Kim Jaeyoung, Seo Dongil
Department of Environmental Engineering, Chungnam National University, 99, Daehak-ro, Yuseong-gu, Daejeon 34134, Korea.
Department of Environmental Engineering, Chungnam National University, 99, Daehak-ro, Yuseong-gu, Daejeon 34134, Korea.
Water Res. 2024 Mar 1;251:121125. doi: 10.1016/j.watres.2024.121125. Epub 2024 Jan 9.
This research introduces a comprehensive methodology to enhance hyperspectral image data (HSD) utility, specifically focusing on the three-dimensional (3-D) augmentation of Chlorophyll-a (Chl-a). This study comprises three significant steps: (1) the augmentation of limited field water quality data in terms of time interval and number of variables using neural network models, (2) the generation of 3-D data using numerical models, and (3) the extension of the hyperspectral image data into 3-D data using machine learning models. In the first phase, Multilayer Perceptron (MLP) models were developed to train water quality interactions and successfully generated high-frequency water quality data by adjusting biased measurements and predicting detailed water quality variables. In the second phase, high-frequency data generated by MLP models were applied to develop two numerical models. These numerical models successfully generated 3-D data, thereby demonstrating the effectiveness of integrating numerical modeling with neural networks. In the final phase, ten machine learning models were trained to generate 3-D Chl-a data from HSD. Notably, the Gaussian Process Regression model exhibited superior performance, effectively estimating 3-D Chl-a data with robust accuracy, as evidenced by an R-square value of 0.99. The findings align with theories of algal bloom dynamics, further validating the effectiveness of the approach. This study demonstrated the successful integrated development for HSD extension using machine learning models, numerical models, and original HSD, highlighting the potential of such integrated methodologies in advancing water quality monitoring and estimation. Notably, the approach leverages readily accessible data, allowing for the swift generation of results and bypassing time-consuming data collection processes. This research marks a significant step towards more robust, comprehensive water quality monitoring and prediction, thereby facilitating better management of aquatic ecosystems.

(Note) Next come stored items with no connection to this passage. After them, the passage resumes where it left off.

lemma double_competition_ecp_digraph:
  assumes bij: "bij_betw v {1..n} V" and ecp: "is_double_indexed_ecp V m n S"
    and cond_I: "\<forall>i\<in>{1..n}. \<forall>j\<in>{1..n}.
      card (A_set n v S i \<inter> B_set n v S j) \<ge> 2 \<longrightarrow> A_set n v S i \<inter> B_set n v S j = S i j"
  shows "is_double_competition_multigraph V (ecp_digraph n v S) m"
  unfolding is_double_competition_multigraph_def
proof (intro ballI impI)
  fix x y assume xy: "x \<in> V" "y \<in> V" "x \<noteq> y"
  let ?D = "ecp_digraph n v S"
  have inj: "inj_on v {1..n}" and img: "v ` {1..n} = V"
    using bij by (auto simp: bij_betw_def)
  have S_V: "S i j \<subseteq> v ` {1..n}" if "i \<in> {1..n}" "j \<in> {1..n}" for i j
    using double_indexed_ecp_subset[OF ecp that] img by simp
  have mem_S: "x \<in> S i j \<and> y \<in> S i j \<longleftrightarrow> (x, v i) \<in> ?D \<and> (y, v i) \<in> ?D \<and> (v j, x) \<in> ?D \<and> (v j, y) \<in> ?D"
    if ij: "i \<in> {1..n}" "j \<in> {1..n}" for i j
  proof -
    let ?AB = "A_set n v S i \<inter> B_set n v S j"
    have "?AB = S i j" if xy_AB: "{x, y} \<subseteq> ?AB"
    proof -
      have "finite ?AB"
        using A_set_subset_image[where S = S, OF S_V ij(1)] by (auto intro: finite_subset)
      then have "card {x, y} \<le> card ?AB" using xy_AB by (rule card_mono)
      then have "2 \<le> card ?AB" using xy(3) by simp
      then show ?thesis using cond_I ij by blast
    qed
    then have "x \<in> S i j \<and> y \<in> S i j \<longleftrightarrow> x \<in> ?AB \<and> y \<in> ?AB"
      using S_subset_A_set_Int_B_set[OF ij, of S v] by blast
    moreover have "(z, v i) \<in> ?D \<longleftrightarrow> z \<in> A_set n v S i" for z
      using in_nbr_ecp_digraph[OF inj ij(1), of S] unfolding in_nbr_def by blast
    moreover have "(v j, z) \<in> ?D \<longleftrightarrow> z \<in> B_set n v S j" for z
      using out_nbr_ecp_digraph[where S = S, OF inj ij(2) S_V] unfolding out_nbr_def by blast
    ultimately show ?thesis by blast
  qed
  have D_V: "?D \<subseteq> V \<times> V" using ecp_digraph_subset[where S = S, OF S_V] img by simp
  have "card {(i, j). i \<in> {1..n} \<and> j \<in> {1..n} \<and> x \<in> S i j \<and> y \<in> S i j}
      = card (out_nbr ?D x \<inter> out_nbr ?D y) * card (in_nbr ?D x \<inter> in_nbr ?D y)"
    by (rule card_pairs_eq_double_competition[OF bij D_V mem_S])
  then show "m {x, y} = card (out_nbr ?D x \<inter> out_nbr ?D y) * card (in_nbr ?D x \<inter> in_nbr ?D y)"
    using ecp xy unfolding is_double_indexed_ecp_def by simp
qed

theorem theorem2:
  fixes V :: "'a set" and m :: "'a set \<Rightarrow> nat" and n :: nat
  assumes "finite V" and "card V = n"
  shows "(\<exists>Arc. Arc \<subseteq> V \<times> V \<and> loopless Arc \<and> is_double_competition_multigraph V Arc m)
     \<longleftrightarrow>
     (\<exists>(v :: nat \<Rightarrow> 'a) (S :: nat \<Rightarrow> nat \<Rightarrow> 'a set).
        bij_betw v {1..n} V \<and> is_double_indexed_ecp V m n S \<and>
        (\<forall>i\<in>{1..n}. \<forall>j\<in>{1..n}.
           card (A_set n v S i \<inter> B_set n v S j) \<ge> 2 \<longrightarrow>
           A_set n v S i \<inter> B_set n v S j = S i j) \<and>
        (\<forall>i\<in>{1..n}. \<forall>j\<in>{1..n}. v i \<notin> S i j \<and> v j \<notin> S i j))"
  (is "?digraph \<longleftrightarrow> ?partition")
proof
  assume ?digraph
  then obtain Arc where Arc: "Arc \<subseteq> V \<times> V" "loopless Arc" "is_double_competition_multigraph V Arc m"
    by blast
  obtain v where bij: "bij_betw v {1..n} V"
    using ex_bij_betw_nat_finite_1[OF assms(1)] assms(2) by blast
  show ?partition
    using bij double_indexed_ecp_common_nbr_family[OF bij Arc(1,3)]
      A_set_Int_B_set_common_nbr_family common_nbr_family_avoids_ends[OF Arc(2)]
    by (intro exI[of _ v] exI[of _ "common_nbr_family Arc v"] conjI ballI impI) simp_all
next
  assume ?partition
  then obtain v S where bij: "bij_betw v {1..n} V" and ecp: "is_double_indexed_ecp V m n S"
    and cond_I: "\<forall>i\<in>{1..n}. \<forall>j\<in>{1..n}.
      card (A_set n v S i \<inter> B_set n v S j) \<ge> 2 \<longrightarrow> A_set n v S i \<inter> B_set n v S j = S i j"
    and cond_II: "\<forall>i\<in>{1..n}. \<forall>j\<in>{1..n}. v i \<notin> S i j \<and> v j \<notin> S i j"
    by blast
  have inj: "inj_on v {1..n}" and img: "v ` {1..n} = V"
    using bij by (auto simp: bij_betw_def)
  have S_V: "S i j \<subseteq> v ` {1..n}" if "i \<in> {1..n}" "j \<in> {1..n}" for i j
    using double_indexed_ecp_subset[OF ecp that] img by simp
  show ?digraph
  proof (intro exI[of _ "ecp_digraph n v S"] conjI)
    show "ecp_digraph n v S \<subseteq> V \<times> V"
      using ecp_digraph_subset[where S = S, OF S_V] img by simp
    show "loopless (ecp_digraph n v S)"
      using loopless_ecp_digraph[OF inj] cond_II by blast
  qed (rule double_competition_ecp_digraph[OF bij ecp cond_I])
qed

end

本研究引入了一种全面的方法来提高高光谱图像数据(HSD)的效用,特别关注叶绿素-a(Chl-a)的三维(3-D)增强。本研究包括三个重要步骤:(1)使用神经网络模型在时间间隔和变量数量方面增强有限的现场水质数据;(2)使用数值模型生成三维数据;(3)使用机器学习模型将高光谱图像数据扩展为三维数据。在第一阶段,开发了多层感知器(MLP)模型来训练水质相互作用,并通过调整有偏差的测量值和预测详细的水质变量成功生成了高频水质数据。在第二阶段,将MLP模型生成的高频数据应用于开发两个数值模型。这些数值模型成功生成了三维数据,从而证明了将数值建模与神经网络相结合的有效性。在最后阶段,训练了十个机器学习模型,以从HSD生成三维Chl-a数据。值得注意的是,高斯过程回归模型表现出卓越的性能,以稳健的精度有效估计三维Chl-a数据,决定系数R平方值为0.99证明了这一点。研究结果与藻华动态理论一致,进一步验证了该方法的有效性。本研究展示了使用机器学习模型、数值模型和原始HSD成功进行HSD扩展的综合开发,突出了这种综合方法在推进水质监测和估计方面的潜力。值得注意的是,该方法利用了易于获取的数据,能够快速生成结果并绕过耗时的数据收集过程。这项研究朝着更强大、更全面的水质监测和预测迈出了重要一步,从而有助于更好地管理水生生态系统。